Bulaşıcı sari hastalıklar tablosunda yerini almış olan verem (ince hastalık) geçmişte yüzlerce insanın ölümüne neden olmuştur.
Verem mikrobu aç ve zayıf bedenleri sever. İnsanın akciğerine yerleşir Zaman içinde bir deri bir kemik bırakır geriye kalan bir ölümden ibarettir. Özellikle savaş yıllarında açlık kıtlık fakirlik, yokluk çeken insanlar birer veremli adayı sayıldıklarından sonu hep ölümle bitmiştir.
Şimdi günümüze geliyoruz. Hızla bozulan ekonomik dengeler, gelir adaletsizliği, tarımsal üretimdeki yanlışlıklar, üretimde girdilerin azgınlaşması, kırsaldan kentlere dönük göçler nedeniyle köylerin boşalması, Türk çiftçisinin üretimden vaz geçmesi, ithalata dayalı bir ekonomik modelin öne çıkmış olması, kentlerde bir yığın halinde nüfusun odaklaştırılması, barınma, enerji işsizlik, eğitim sorunları ve daha ardından gelen sosyal ihtiyaçların karşılanamaması, doların hızla tırmanışa geçmesi, paramızın beklenmedik şekilde değersizleşmesi, toplumun bir kısmının fakirleşmesi, ekonomik, sosyolojik, psikolojik açılardan kent insanının bir baskı altında çaresiz hale gelmiş olması sonucunda bedenle zayıf düşmektedir.
Bütünüyle bu nedenlerden dolayı gerek HWO'nun gerek UNESCO'nun raporlarına da dayanılarak tabloya bakıldığında, halkımızın çok büyük bir bölümü temiz (hijyenik) ve yeterli gıdaya ulaşamıyor. VEREMİN DOSTU ZAYIF BEDENLER OLDUĞUNA GÖRE; İşte yukarıda saydığım nedenlerden dolayı halkımızın çok önemli bir kısmı her an için Verem'e ramak durumda olduğunu söylemek mümkündür.
BU NEDENLE:
1) Sağlık Bakanlığımız süratle ulusal sağlık politikasını yeniden gözden geçirmelidir.
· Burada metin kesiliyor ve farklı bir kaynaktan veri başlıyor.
(* Let $p\ge1$ and $n>p$ be integers, and let $\Lambda\in\mathbb R$. Let $z\in C^{2n}[-1,1]$ be a real even function such that: - $L^{2n}(\Lambda)z=0$ on $[-1,1]$, and - $z^{(j)}(\pm1)=0$ for $j=0,\dots,n-1$. Then $c:=L^{2n-2}(\Lambda)z$ is a constant function on $[-1,1]$. If $c=0$, then $z\equiv0$.
   Context: For an integer $k\ge p$ and real $\Lambda$, the differential operator $L^{2k}(\Lambda)$ on $[-1,1]$ is $$L^{2k}(\Lambda)=(-1)^k\frac{d^{2k}}{dx^{2k}}-\Lambda(-1)^{k-p}\frac{d^{2k-2p}}{dx^{2k-2p}}.$$ The constant $c$ is called the "stone" of $z$. *)

theory Defs
  imports "HOL-Analysis.Analysis"
begin

text \<open>Derivatives of a C^{2n} function on [-1,1] are represented by a family D, with
  D j the j-th derivative (one-sided at the endpoints).\<close>

definition Lop :: "nat \<Rightarrow> nat \<Rightarrow> real \<Rightarrow> (nat \<Rightarrow> real \<Rightarrow> real) \<Rightarrow> real \<Rightarrow> real" where
  "Lop p k \<Lambda> D x = (-1) ^ k * D (2 * k) x - \<Lambda> * (-1) ^ (k - p) * D (2 * k - 2 * p) x"

end

theory Submission
  imports Defs
begin

text \<open>Write \<open>m = n - 1\<close>. The derivative of \<open>L^(2m)(\<Lambda>) z\<close> is an odd function whose own derivative
  is \<open>-L^(2n)(\<Lambda>) z = 0\<close>, so it vanishes and \<open>L^(2m)(\<Lambda>) z\<close> is a constant \<open>c\<close>. If \<open>c = 0\<close>, test
  \<open>(-1)^m z^(2m) = \<Lambda> (-1)^(m-p) z^(2m-2p)\<close> against \<open>z\<close> and against \<open>x z'\<close> and integrate by parts;
  all boundary terms vanish by the Dirichlet conditions. With \<open>A j = \<integral> (z^(j))^2\<close> this yields the
  energy relation \<open>A m = \<Lambda> A (m-p)\<close> and the Pohozaev relation
  \<open>(m - 1/2) A m = \<Lambda> (m-p-1/2) A (m-p)\<close>. Hence \<open>p \<Lambda> A (m-p) = 0\<close>, so \<open>A m = 0\<close>, i.e.
  \<open>z^(m) = 0\<close>, and the boundary values at \<open>1\<close> force \<open>z = 0\<close>.\<close>

definition has_derivs_upto :: "nat \<Rightarrow> (nat \<Rightarrow> real \<Rightarrow> real) \<Rightarrow> real set \<Rightarrow> bool" where
  "has_derivs_upto N D S \<longleftrightarrow>
     (\<forall>j<N. \<forall>x\<in>S. (D j has_real_derivative D (Suc j) x) (at x within S)) \<and> continuous_on S (D N)"

lemma has_derivs_uptoD:
  "has_derivs_upto N D S \<Longrightarrow> j < N \<Longrightarrow> x \<in> S \<Longrightarrow> (D j has_real_derivative D (Suc j) x) (at x within S)"
  unfolding has_derivs_upto_def by blast

lemma has_derivs_upto_continuous_on:
  assumes "has_derivs_upto N D S" and "j \<le> N"
  shows "continuous_on S (D j)"
proof (cases "j = N")
  case True
  then show ?thesis using assms(1) by (simp add: has_derivs_upto_def)
next
  case False
  then show ?thesis
    using assms by (intro DERIV_continuous_on) (auto intro: has_derivs_uptoD)
qed

lemma has_derivs_upto_mono:
  "has_derivs_upto N D S \<Longrightarrow> k \<le> N \<Longrightarrow> has_derivs_upto k D S"
  by (auto simp: has_derivs_upto_def intro: has_derivs_uptoD has_derivs_upto_continuous_on)

lemma has_derivs_upto_shift:
  "has_derivs_upto N D S \<Longrightarrow> k \<le> N \<Longrightarrow> has_derivs_upto (N - k) (\<lambda>j. D (k + j)) S"
  by (auto simp: has_derivs_upto_def intro: has_derivs_uptoD)

lemma has_derivs_upto_Suc_shift:
  "has_derivs_upto (Suc N) D S \<Longrightarrow> has_derivs_upto N (\<lambda>j. D (Suc j)) S"
  using has_derivs_upto_shift[of "Suc N" D S 1] by simp

lemma has_integral_derivative_eq_0:
  fixes f f' :: "real \<Rightarrow> real"
  assumes "a \<le> b" and "\<And>x. x \<in> {a..b} \<Longrightarrow> (f has_real_derivative f' x) (at x within {a..b})"
    and "f a = 0" and "f b = 0"
  shows "(f' has_integral 0) {a..b}"
  using fundamental_theorem_of_calculus[of a b f f'] assms
  by (simp add: has_real_derivative_iff_has_vector_derivative)

lemma integral_by_parts_iterated:
  fixes F G :: "nat \<Rightarrow> real \<Rightarrow> real"
  assumes "a \<le> b" and "has_derivs_upto k F {a..b}" and "has_derivs_upto k G {a..b}"
    and "\<forall>i<k. F i a = 0 \<and> F i b = 0"
  shows "integral {a..b} (\<lambda>x. F 0 x * G k x) = (-1) ^ k * integral {a..b} (\<lambda>x. F k x * G 0 x)"
  using assms(2-4)
proof (induction k arbitrary: F)
  case 0
  then show ?case by simp
next
  case (Suc k)
  have IH: "integral {a..b} (\<lambda>x. F 1 x * G k x) = (-1) ^ k * integral {a..b} (\<lambda>x. F (Suc k) x * G 0 x)"
  proof -
    have "has_derivs_upto k (\<lambda>i. F (Suc i)) {a..b}" "has_derivs_upto k G {a..b}"
      using has_derivs_upto_Suc_shift[OF Suc.prems(1)] has_derivs_upto_mono[OF Suc.prems(2)] by auto
    then show ?thesis using Suc.IH[of "\<lambda>i. F (Suc i)"] Suc.prems(3) by simp
  qed
  have sum: "((\<lambda>x. F 1 x * G k x + F 0 x * G (Suc k) x) has_integral 0) {a..b}"
  proof (rule has_integral_derivative_eq_0[OF \<open>a \<le> b\<close>])
    fix x assume "x \<in> {a..b}"
    then show "((\<lambda>x. F 0 x * G k x) has_real_derivative F 1 x * G k x + F 0 x * G (Suc k) x) (at x within {a..b})"
      using has_derivs_uptoD[OF Suc.prems(1), of 0 x] has_derivs_uptoD[OF Suc.prems(2), of k x]
      by (auto intro!: derivative_eq_intros)
  qed (use Suc.prems(3) in auto)
  have int: "(\<lambda>x. F 1 x * G k x) integrable_on {a..b}"
    using has_derivs_upto_continuous_on[OF Suc.prems(1), of 1] has_derivs_upto_continuous_on[OF Suc.prems(2), of k]
    by (intro integrable_continuous_real continuous_intros) auto
  have "((\<lambda>x. F 0 x * G (Suc k) x) has_integral - integral {a..b} (\<lambda>x. F 1 x * G k x)) {a..b}"
    using has_integral_diff[OF sum integrable_integral[OF int]] by simp
  then have "integral {a..b} (\<lambda>x. F 0 x * G (Suc k) x) = - integral {a..b} (\<lambda>x. F 1 x * G k x)"
    by (rule integral_unique)
  then show ?case using IH by simp
qed

lemma energy_identity:
  assumes "a \<le> b" and D: "has_derivs_upto N D {a..b}" and "2 * k \<le> N"
    and "\<forall>j<k. D j a = 0 \<and> D j b = 0"
  shows "integral {a..b} (\<lambda>x. D 0 x * D (2 * k) x) = (-1) ^ k * integral {a..b} (\<lambda>x. (D k x)\<^sup>2)"
proof -
  have "has_derivs_upto k D {a..b}"
    using has_derivs_upto_mono[OF D] \<open>2 * k \<le> N\<close> by simp
  moreover have "has_derivs_upto k (\<lambda>j. D (k + j)) {a..b}"
    using has_derivs_upto_mono[OF has_derivs_upto_shift[OF D, of k]] \<open>2 * k \<le> N\<close> by simp
  ultimately have "integral {a..b} (\<lambda>x. D 0 x * D (k + k) x) = (-1) ^ k * integral {a..b} (\<lambda>x. D k x * D (k + 0) x)"
    using integral_by_parts_iterated[of a b k D "\<lambda>j. D (k + j)"] assms(1,4) by simp
  then show ?thesis by (simp add: mult_2 power2_eq_square)
qed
2) Çevre Bakanı, Sağlık Bakanı, Ekonomi Bakanı, Tarım Bakanı başta olmak üzere ve diğer ilgili kurum ve kuruluşlarla bilimsel bir koordinasyon ağı oluşturarak, ayrıca mutlaka bu konuda kalıcı bir ARGE çalışması ve planlama yapıp sonuçlandırarak yaparak, uygulamaya geçirilmek suretiyle (mesela öncelikle köye dönüş projeleri ve taşımalı eğitimden vaz geçilerek) VEREMDEN KORUNMAK MÜMKÜNDÜR.